WHAT THE TASK REQUIRES: Beginning at the line containing "imports Complex_Main" in the material below and ending at the line containing "v = (\<Sum>x\<in>supp", return each line exactly and add nothing.
*** GIVEN DATA ***
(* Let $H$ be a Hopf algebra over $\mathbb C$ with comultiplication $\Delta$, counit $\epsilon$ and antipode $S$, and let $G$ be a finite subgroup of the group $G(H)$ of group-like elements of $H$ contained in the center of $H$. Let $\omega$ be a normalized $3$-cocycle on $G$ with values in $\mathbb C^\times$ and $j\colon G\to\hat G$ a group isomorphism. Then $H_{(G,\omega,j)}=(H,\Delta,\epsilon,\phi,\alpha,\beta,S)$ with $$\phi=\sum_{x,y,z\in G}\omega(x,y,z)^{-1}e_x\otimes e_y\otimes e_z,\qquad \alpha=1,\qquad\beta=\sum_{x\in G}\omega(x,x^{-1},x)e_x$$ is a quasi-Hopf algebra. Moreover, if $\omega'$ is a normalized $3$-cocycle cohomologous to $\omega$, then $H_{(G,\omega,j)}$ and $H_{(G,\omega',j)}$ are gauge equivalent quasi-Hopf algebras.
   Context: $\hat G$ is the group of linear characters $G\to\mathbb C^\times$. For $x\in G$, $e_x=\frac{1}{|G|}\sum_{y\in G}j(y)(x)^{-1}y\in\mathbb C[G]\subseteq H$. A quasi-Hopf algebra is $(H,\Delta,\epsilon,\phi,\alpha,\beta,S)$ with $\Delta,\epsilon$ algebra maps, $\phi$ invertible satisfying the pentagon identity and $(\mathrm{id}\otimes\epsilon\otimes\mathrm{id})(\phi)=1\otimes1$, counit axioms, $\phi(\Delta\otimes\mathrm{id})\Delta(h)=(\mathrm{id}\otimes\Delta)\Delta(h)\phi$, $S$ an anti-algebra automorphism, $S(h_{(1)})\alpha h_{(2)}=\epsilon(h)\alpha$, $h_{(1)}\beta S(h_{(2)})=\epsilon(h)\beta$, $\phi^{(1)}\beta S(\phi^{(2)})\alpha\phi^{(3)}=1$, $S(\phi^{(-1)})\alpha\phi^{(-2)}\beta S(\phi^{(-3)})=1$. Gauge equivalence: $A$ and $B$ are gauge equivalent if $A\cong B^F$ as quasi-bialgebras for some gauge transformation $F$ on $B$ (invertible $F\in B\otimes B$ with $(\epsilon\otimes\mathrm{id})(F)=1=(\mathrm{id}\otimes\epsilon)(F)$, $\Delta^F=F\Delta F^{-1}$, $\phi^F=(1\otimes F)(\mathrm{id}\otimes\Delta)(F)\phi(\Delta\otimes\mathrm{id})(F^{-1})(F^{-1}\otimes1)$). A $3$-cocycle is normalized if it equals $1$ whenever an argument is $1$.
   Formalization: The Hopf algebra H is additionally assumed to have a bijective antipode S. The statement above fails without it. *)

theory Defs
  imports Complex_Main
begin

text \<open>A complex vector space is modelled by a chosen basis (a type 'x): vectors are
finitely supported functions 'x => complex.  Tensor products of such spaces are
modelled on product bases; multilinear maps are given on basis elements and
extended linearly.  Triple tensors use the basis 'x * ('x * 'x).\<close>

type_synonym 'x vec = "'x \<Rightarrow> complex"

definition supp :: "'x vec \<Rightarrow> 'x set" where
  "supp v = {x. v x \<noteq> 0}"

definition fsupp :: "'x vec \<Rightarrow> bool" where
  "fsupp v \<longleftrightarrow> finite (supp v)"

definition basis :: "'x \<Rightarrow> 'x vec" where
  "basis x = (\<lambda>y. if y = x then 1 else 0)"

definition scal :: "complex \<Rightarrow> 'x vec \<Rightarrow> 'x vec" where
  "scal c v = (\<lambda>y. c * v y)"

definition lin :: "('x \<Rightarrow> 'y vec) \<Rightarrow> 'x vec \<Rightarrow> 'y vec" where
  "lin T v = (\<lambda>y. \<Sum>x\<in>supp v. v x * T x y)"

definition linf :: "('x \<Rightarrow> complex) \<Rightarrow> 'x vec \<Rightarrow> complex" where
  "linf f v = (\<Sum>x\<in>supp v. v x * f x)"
***
*** GIVEN DATA ***
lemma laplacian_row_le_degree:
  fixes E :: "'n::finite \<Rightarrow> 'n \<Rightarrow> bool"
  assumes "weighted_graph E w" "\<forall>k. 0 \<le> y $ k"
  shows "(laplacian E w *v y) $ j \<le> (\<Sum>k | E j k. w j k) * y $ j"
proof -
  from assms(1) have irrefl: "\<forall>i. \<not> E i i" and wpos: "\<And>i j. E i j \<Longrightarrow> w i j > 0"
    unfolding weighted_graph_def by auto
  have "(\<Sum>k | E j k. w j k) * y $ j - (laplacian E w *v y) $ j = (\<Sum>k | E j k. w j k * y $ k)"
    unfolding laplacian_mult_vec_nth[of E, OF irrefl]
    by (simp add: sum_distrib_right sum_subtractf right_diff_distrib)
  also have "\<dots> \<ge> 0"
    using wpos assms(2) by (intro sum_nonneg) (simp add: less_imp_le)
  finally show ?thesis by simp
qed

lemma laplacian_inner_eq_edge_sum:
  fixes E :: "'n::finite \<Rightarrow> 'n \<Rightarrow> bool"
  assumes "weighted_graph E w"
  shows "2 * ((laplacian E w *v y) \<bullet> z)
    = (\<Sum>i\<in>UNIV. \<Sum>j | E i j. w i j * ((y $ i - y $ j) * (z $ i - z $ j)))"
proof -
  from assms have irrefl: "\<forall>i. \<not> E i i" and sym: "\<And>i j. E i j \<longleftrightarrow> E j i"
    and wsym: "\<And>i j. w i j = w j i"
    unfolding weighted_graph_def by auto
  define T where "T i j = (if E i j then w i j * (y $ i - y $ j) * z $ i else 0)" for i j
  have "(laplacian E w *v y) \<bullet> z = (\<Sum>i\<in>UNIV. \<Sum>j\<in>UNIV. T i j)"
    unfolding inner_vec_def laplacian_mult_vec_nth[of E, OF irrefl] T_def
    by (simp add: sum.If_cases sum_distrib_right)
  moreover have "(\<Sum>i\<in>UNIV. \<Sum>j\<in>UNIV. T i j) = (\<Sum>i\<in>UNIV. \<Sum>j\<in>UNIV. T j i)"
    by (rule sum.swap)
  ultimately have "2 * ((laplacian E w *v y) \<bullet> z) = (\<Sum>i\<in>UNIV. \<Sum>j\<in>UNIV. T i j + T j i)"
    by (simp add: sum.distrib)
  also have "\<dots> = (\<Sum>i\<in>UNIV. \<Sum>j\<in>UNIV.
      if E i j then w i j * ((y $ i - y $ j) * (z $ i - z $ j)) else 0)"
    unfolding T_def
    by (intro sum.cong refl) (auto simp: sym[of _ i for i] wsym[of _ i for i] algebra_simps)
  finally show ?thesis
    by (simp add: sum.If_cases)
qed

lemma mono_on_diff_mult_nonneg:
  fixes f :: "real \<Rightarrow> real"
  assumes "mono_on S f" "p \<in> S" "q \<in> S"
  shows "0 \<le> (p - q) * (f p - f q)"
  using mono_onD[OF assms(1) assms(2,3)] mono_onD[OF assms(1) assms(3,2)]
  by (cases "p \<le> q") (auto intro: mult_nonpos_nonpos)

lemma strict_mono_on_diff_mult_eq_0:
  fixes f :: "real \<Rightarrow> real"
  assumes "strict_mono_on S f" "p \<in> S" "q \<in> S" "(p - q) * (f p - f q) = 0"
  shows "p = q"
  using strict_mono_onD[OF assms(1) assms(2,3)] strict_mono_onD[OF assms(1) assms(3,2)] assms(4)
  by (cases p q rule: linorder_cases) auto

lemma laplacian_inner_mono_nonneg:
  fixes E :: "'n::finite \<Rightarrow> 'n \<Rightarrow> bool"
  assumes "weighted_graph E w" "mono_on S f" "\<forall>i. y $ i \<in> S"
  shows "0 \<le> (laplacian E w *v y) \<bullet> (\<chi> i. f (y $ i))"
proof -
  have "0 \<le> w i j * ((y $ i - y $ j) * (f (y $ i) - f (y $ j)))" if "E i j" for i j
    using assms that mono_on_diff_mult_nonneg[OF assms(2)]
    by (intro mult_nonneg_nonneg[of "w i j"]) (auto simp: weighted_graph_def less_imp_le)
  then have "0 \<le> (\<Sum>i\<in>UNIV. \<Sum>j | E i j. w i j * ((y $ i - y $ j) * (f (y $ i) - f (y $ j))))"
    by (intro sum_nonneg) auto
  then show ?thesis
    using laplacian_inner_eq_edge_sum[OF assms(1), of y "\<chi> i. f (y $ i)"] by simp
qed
***
RESPONSE:
  imports Complex_Main
begin

text \<open>A complex vector space is modelled by a chosen basis (a type 'x): vectors are
finitely supported functions 'x => complex.  Tensor products of such spaces are
modelled on product bases; multilinear maps are given on basis elements and
extended linearly.  Triple tensors use the basis 'x * ('x * 'x).\<close>

type_synonym 'x vec = "'x \<Rightarrow> complex"

definition supp :: "'x vec \<Rightarrow> 'x set" where
  "supp v = {x. v x \<noteq> 0}"

definition fsupp :: "'x vec \<Rightarrow> bool" where
  "fsupp v \<longleftrightarrow> finite (supp v)"

definition basis :: "'x \<Rightarrow> 'x vec" where
  "basis x = (\<lambda>y. if y = x then 1 else 0)"

definition scal :: "complex \<Rightarrow> 'x vec \<Rightarrow> 'x vec" where
  "scal c v = (\<lambda>y. c * v y)"

definition lin :: "('x \<Rightarrow> 'y vec) \<Rightarrow> 'x vec \<Rightarrow> 'y vec" where
  "lin T v = (\<lambda>y. \<Sum>x\<in>supp v. v x * T x y)"

definition linf :: "('x \<Rightarrow> complex) \<Rightarrow> 'x vec \<Rightarrow> complex" where
  "linf f v = (\<Sum>x\<in>supp v. v x * f x)"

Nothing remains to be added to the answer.